About this exercise => Take each line of the records below that contains the string "metis" and copy it.

Extracted records START

(* For $n\ge2$ let $\mathcal{W}_n$ be the arc diagram with $\mathbf{Z}=\{Z_1,\dots,Z_n\}$, $\mathbf{a}=\{a_1,\dots,a_{2n-2}\}$, where $a_1,\dots,a_{n-1}$ lie on $Z_1$ in this order and $a_{n+i-1}\in Z_{i+1}$ for $i=1,\dots,n-1$, and matching $M(a_i)=M(a_{2n-i-1})=i$ for $i=1,\dots,n-1$. Then for every $k=0,\dots,n-1$ there is an isomorphism of differential algebras $\mathcal{A}(\mathcal{W}_n,k)\cong\mathcal{A}(n-1,k)$.
   Context: Strands algebra $\mathcal{A}(n,k)$: the $\mathbb{F}_2$-vector space with basis triples $(S,T,\phi)$, $S,T\subset\{1,\dots,n\}$ of size $k$, $\phi\colon S\to T$ a bijection with $\phi(i)\ge i$; product $(S,T,\phi)(U,V,\psi)=(S,V,\psi\circ\phi)$ if $T=U$ and $\mathrm{inv}(\phi)+\mathrm{inv}(\psi)=\mathrm{inv}(\psi\circ\phi)$, else $0$, where $\mathrm{inv}$ counts pairs $i<j$ with $\phi(i)>\phi(j)$; differential: sum over inversions of the generators obtained by swapping the two images, keeping those with inversion number exactly one less. $\mathcal{A}(n)=\bigoplus_k\mathcal{A}(n,k)$. For an arc diagram $\mathcal{Z}=(\mathbf{Z},\mathbf{a},M)$ with $\mathbf{Z}=\{Z_1,\dots,Z_l\}$ (oriented segments), $\mathbf{a}=\{a_1,\dots,a_{2k}\}$ ordered along $\mathbf{Z}$, $|Z_j|=\#(Z_j\cap\mathbf{a})$, the extended strands algebra $\mathcal{A}(|Z_1|,\dots,|Z_l|)=\bigoplus\mathcal{A}(|Z_1|,k_1)\otimes\cdots\otimes\mathcal{A}(|Z_l|,k_l)$ is viewed inside $\mathcal{A}(2k)$, strands staying within segments. For $s\subset\{1,\dots,k\}$ with $|s|=i$, a section is $S\subset M^{-1}(s)$ mapped bijectively onto $s$ by $M$; $I(s)=\sum_{S}(S,S,\mathrm{id})$ over sections; $I=\sum_{|s|=i}I(s)$. For $S,T\subset\{1,\dots,2k\}$ and a bijection $\psi\colon S\to T$ with $\psi(x)>x$, $a_i(S,T,\psi)=\sum_U(S\cup U,T\cup U,\psi\cup\mathrm{id}_U)$ over $U$ disjoint from $S\cup T$ with $|S\cup U|=i$. $\mathcal{A}(\mathcal{Z},i)$ is the subalgebra generated by the $I(s)$, $|s|=i$, and all $I\,a_i(S,T,\psi)\,I$; it is closed under the differential. *)

theory Defs
  imports Main
begin

text \<open>Generators (S,T,phi) of the strands algebra are encoded as the finite graph
  of phi, a set of strands (x, phi x); S = Domain, T = Range.
  Elements of the F2-vector space are finite sets of generators (formal sums
  with F2 coefficients); addition is symmetric difference.\<close>

type_synonym gen = "(nat \<times> nat) set"
type_synonym elt = "gen set"

definition is_gen :: "nat \<Rightarrow> gen \<Rightarrow> bool" where
  "is_gen n g \<longleftrightarrow> g \<subseteq> {1..n} \<times> {1..n} \<and> (\<forall>(a,b)\<in>g. a \<le> b) \<and>
     (\<forall>(a,b)\<in>g. \<forall>(c,d)\<in>g. (a = c \<longleftrightarrow> b = d))"

definition invs :: "gen \<Rightarrow> ((nat \<times> nat) \<times> (nat \<times> nat)) set" where
  "invs g = {((i,a),(j,b)). (i,a) \<in> g \<and> (j,b) \<in> g \<and> i < j \<and> b < a}"

definition ninv :: "gen \<Rightarrow> nat" where
  "ninv g = card (invs g)"

text \<open>Product of generators: composition psi o phi of (S,T,phi)(U,V,psi).\<close>
definition gmult :: "gen \<Rightarrow> gen \<Rightarrow> gen option" where
  "gmult x y = (if Range x = Domain y \<and> ninv x + ninv y = ninv (x O y)
                then Some (x O y) else None)"

definition swap_strands :: "gen \<Rightarrow> nat \<times> nat \<Rightarrow> nat \<times> nat \<Rightarrow> gen" where
  "swap_strands g p q = (g - {p, q}) \<union> {(fst p, snd q), (fst q, snd p)}"

definition eadd :: "elt \<Rightarrow> elt \<Rightarrow> elt" where
  "eadd X Y = (X - Y) \<union> (Y - X)"

definition emult :: "elt \<Rightarrow> elt \<Rightarrow> elt" where
  "emult X Y = {c. odd (card {(x,y). x \<in> X \<and> y \<in> Y \<and> gmult x y = Some c})}"

definition ediff :: "elt \<Rightarrow> elt" where
  "ediff X = {c. odd (card {(x,p,q). x \<in> X \<and> (p,q) \<in> invs x \<and>
                  c = swap_strands x p q \<and> ninv c + 1 = ninv x})}"

definition strands_alg :: "nat \<Rightarrow> nat \<Rightarrow> elt set" where
  "strands_alg n k = {X. finite X \<and> (\<forall>g\<in>X. is_gen n g \<and> card g = k)}"

inductive_set gen_subalg :: "elt set \<Rightarrow> elt set" for G where
  base: "x \<in> G \<Longrightarrow> x \<in> gen_subalg G"
| zero: "{} \<in> gen_subalg G"
| add: "x \<in> gen_subalg G \<Longrightarrow> y \<in> gen_subalg G \<Longrightarrow> eadd x y \<in> gen_subalg G"
| mult: "x \<in> gen_subalg G \<Longrightarrow> y \<in> gen_subalg G \<Longrightarrow> emult x y \<in> gen_subalg G"

text \<open>Arc diagram with points 1..N (N = 2K) ordered along the segments;
  seg a is the index of the segment containing point a, M the matching onto 1..K.\<close>
definition ext_gen :: "nat \<Rightarrow> (nat \<Rightarrow> nat) \<Rightarrow> gen \<Rightarrow> bool" where
  "ext_gen N seg g \<longleftrightarrow> is_gen N g \<and> (\<forall>(a,b)\<in>g. seg a = seg b)"

definition idg :: "nat set \<Rightarrow> gen" where
  "idg S = {(x,x) | x. x \<in> S}"

definition I_s :: "nat \<Rightarrow> (nat \<Rightarrow> nat) \<Rightarrow> nat set \<Rightarrow> elt" where
  "I_s N M s = {idg S | S. S \<subseteq> {1..N} \<and> inj_on M S \<and> M ` S = s}"

definition I_tot :: "nat \<Rightarrow> nat \<Rightarrow> (nat \<Rightarrow> nat) \<Rightarrow> nat \<Rightarrow> elt" where
  "I_tot N K M i = (\<Union>s \<in> {s. s \<subseteq> {1..K} \<and> card s = i}. I_s N M s)"

definition a_elt :: "nat \<Rightarrow> nat \<Rightarrow> gen \<Rightarrow> elt" where
  "a_elt N i psi = {psi \<union> idg U | U. U \<subseteq> {1..N} \<and> U \<inter> (Domain psi \<union> Range psi) = {}
                     \<and> card (Domain psi \<union> U) = i}"

definition arc_alg :: "nat \<Rightarrow> nat \<Rightarrow> (nat \<Rightarrow> nat) \<Rightarrow> (nat \<Rightarrow> nat) \<Rightarrow> nat \<Rightarrow> elt set" where
  "arc_alg N K seg M i = gen_subalg
     ({I_s N M s | s. s \<subseteq> {1..K} \<and> card s = i} \<union>
      {emult (emult (I_tot N K M i) (a_elt N i psi)) (I_tot N K M i) | psi.
          ext_gen N seg psi \<and> (\<forall>(a,b)\<in>psi. a < b)})"

definition dga_iso :: "elt set \<Rightarrow> elt set \<Rightarrow> bool" where
  "dga_iso A B \<longleftrightarrow> (\<exists>f. bij_betw f A B \<and>
     (\<forall>x\<in>A. \<forall>y\<in>A. f (eadd x y) = eadd (f x) (f y) \<and> f (emult x y) = emult (f x) (f y))
     \<and> (\<forall>x\<in>A. f (ediff x) = ediff (f x)))"

text \<open>The arc diagram W_n: points 1..2n-2; points 1..n-1 on Z_1, point n+i-1 on Z_(i+1);
  M(a_i) = M(a_(2n-i-1)) = i.\<close>
definition W_seg :: "nat \<Rightarrow> nat \<Rightarrow> nat" where
  "W_seg n a = (if a \<le> n - 1 then 1 else a + 2 - n)"

definition W_M :: "nat \<Rightarrow> nat \<Rightarrow> nat" where
  "W_M n a = (if a \<le> n - 1 then a else 2 * n - 1 - a)"

end

theory Submission
  imports Defs
begin

(* In W_n the points 1..n-1 lie on Z_1 and are fixed by the matching, while each point u of
   n..2n-2 is alone on its segment and matched with M u = 2n-1-u.  Hence a generator of the
   extended strands algebra of W_n whose domain and range are sections consists of strands
   inside Z_1 plus horizontal strands at some set U of upper points; applying M to both ends
   (proj) gives a generator g of A(n-1) in which every M u, u in U, carries a horizontal strand.
   Conversely such a pair (g,U) determines the generator lift g U, obtained by moving those
   horizontal strands from M u to u.  The map lift_elt, sending a generator of A(n-1) to the
   sum of all its lifts, is the isomorphism.

   Finally the generators
   I(s) and I a_k(psi) I of A(W_n,k) are identified as lifts, so that A(W_n,k) is exactly the
   image of A(n-1,k), and the theorem follows from the abstract fact that an injective
   homomorphism is an isomorphism onto its image. *)

section \<open>Strand generators\<close>

definition partial_bij :: "gen \<Rightarrow> bool" where
  "partial_bij g \<longleftrightarrow> (\<forall>(a,b)\<in>g. \<forall>(c,d)\<in>g. (a = c \<longleftrightarrow> b = d))"

definition upward :: "gen \<Rightarrow> bool" where
  "upward g \<longleftrightarrow> (\<forall>(a,b)\<in>g. a \<le> b)"

lemma partial_bijD1: "partial_bij g \<Longrightarrow> (a,b) \<in> g \<Longrightarrow> (a,c) \<in> g \<Longrightarrow> b = c"
  unfolding partial_bij_def by fastforce

lemma partial_bijD2: "partial_bij g \<Longrightarrow> (a,b) \<in> g \<Longrightarrow> (c,b) \<in> g \<Longrightarrow> a = c"
  unfolding partial_bij_def by fastforce

lemma upwardD: "upward g \<Longrightarrow> (a,b) \<in> g \<Longrightarrow> a \<le> b"
  unfolding upward_def by fastforce

lemma is_gen_iff: "is_gen n g \<longleftrightarrow> g \<subseteq> {1..n} \<times> {1..n} \<and> upward g \<and> partial_bij g"
  unfolding is_gen_def upward_def partial_bij_def by blast

lemma is_gen_finite: "is_gen n g \<Longrightarrow> finite g"
  unfolding is_gen_def using finite_subset by blast

lemma is_gen_subset: "is_gen n g \<Longrightarrow> h \<subseteq> g \<Longrightarrow> is_gen n h"
  unfolding is_gen_def by blast

lemma finite_gens: "finite {g. is_gen n g}"
  by (rule finite_subset[of _ "Pow ({1..n} \<times> {1..n})"]) (auto simp: is_gen_def)

lemma card_Domain_Range:
  assumes "finite g" "partial_bij g"
  shows "card (Domain g) = card g" "card (Range g) = card g"
proof -
  have "inj_on fst g" "inj_on snd g"
    using assms(2) unfolding inj_on_def partial_bij_def by fastforce+
  moreover have "Domain g = fst ` g" "Range g = snd ` g" by force+
  ultimately show "card (Domain g) = card g" "card (Range g) = card g"
    by (simp_all add: card_image)
qed

lemma partial_bij_iff_inj: "partial_bij g \<longleftrightarrow> inj_on fst g \<and> inj_on snd g"
  unfolding partial_bij_def inj_on_def by fastforce

lemma is_gen_mono: "is_gen m g \<Longrightarrow> m \<le> m' \<Longrightarrow> is_gen m' g"
  unfolding is_gen_def by fastforce

lemma Domain_Range_idg:
  "Domain (idg S) = S" "Range (idg S) = S"
  "Domain (g \<union> idg S) = Domain g \<union> S" "Range (g \<union> idg S) = Range g \<union> S"
  unfolding idg_def by auto

lemma idg_inj: "idg S = idg T \<Longrightarrow> S = T"
  by (metis Domain_Range_idg(1))

lemma invs_idg: "invs (idg S) = {}"
  unfolding invs_def idg_def by auto

lemma card_idg: "card (idg S) = card S"
proof -
  have "idg S = (\<lambda>x. (x,x)) ` S" unfolding idg_def by auto
  then show ?thesis by (simp add: card_image inj_on_def)
qed

lemma partial_bij_add_horizontal:
  assumes "partial_bij g" and "U \<inter> (Domain g \<union> Range g) = {}"
  shows "partial_bij (g \<union> idg U)"
  using assms unfolding partial_bij_def idg_def by blast

lemma relcomp_add_horizontal:
  assumes "Range g \<inter> U = {}" "Domain h \<inter> U = {}"
  shows "(g \<union> idg U) O (h \<union> idg U) = g O h \<union> idg U"
  using assms unfolding idg_def by blast

lemma Un_disjoint_cancel: "A \<inter> D = {} \<Longrightarrow> B \<inter> D = {} \<Longrightarrow> A \<union> D = B \<union> D \<longleftrightarrow> A = B"
  by blast

lemma Un_separated_eq_iff:
  assumes "A \<subseteq> L" "B \<subseteq> L" "C \<inter> L = {}" "E \<inter> L = {}"
  shows "A \<union> C = B \<union> E \<longleftrightarrow> A = B \<and> C = E"
proof
  assume eq: "A \<union> C = B \<union> E"
  have "A = (A \<union> C) \<inter> L" "B = (B \<union> E) \<inter> L" "C = (A \<union> C) - L" "E = (B \<union> E) - L"
    using assms by blast+
  then show "A = B \<and> C = E" using eq by metis
qed simp

(* crossings D s counts the points of D strictly between the ends of the strand s, i.e. the
   horizontal strands at D that s crosses. *)
definition crossings :: "nat set \<Rightarrow> nat \<times> nat \<Rightarrow> nat" where
  "crossings D s = card {d\<in>D. fst s < d \<and> d < snd s}"

definition total_crossings :: "gen \<Rightarrow> nat set \<Rightarrow> nat" where
  "total_crossings g D = (\<Sum>s\<in>g. crossings D s)"

lemma crossings_split:
  assumes "p \<le> q" "q \<le> r" "q \<notin> D"
  shows "crossings D (p,r) = crossings D (p,q) + crossings D (q,r)"
proof -
  have "{d\<in>D. p < d \<and> d < r} = {d\<in>D. p < d \<and> d < q} \<union> {d\<in>D. q < d \<and> d < r}"
    using assms by (auto; metis linorder_neqE_nat)
  moreover have "finite {d\<in>D. p < d \<and> d < q}" "finite {d\<in>D. q < d \<and> d < r}"
    by (auto intro: finite_subset[of _ "{..<q}"] finite_subset[of _ "{..<r}"])
  ultimately show ?thesis unfolding crossings_def
    by (simp add: card_Un_disjoint disjoint_iff)
qed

Extracted records END

Finished task =>
  by (metis Domain_Range_idg(1))
  then show "A = B \<and> C = E" using eq by metis
    using assms by (auto; metis linorder_neqE_nat)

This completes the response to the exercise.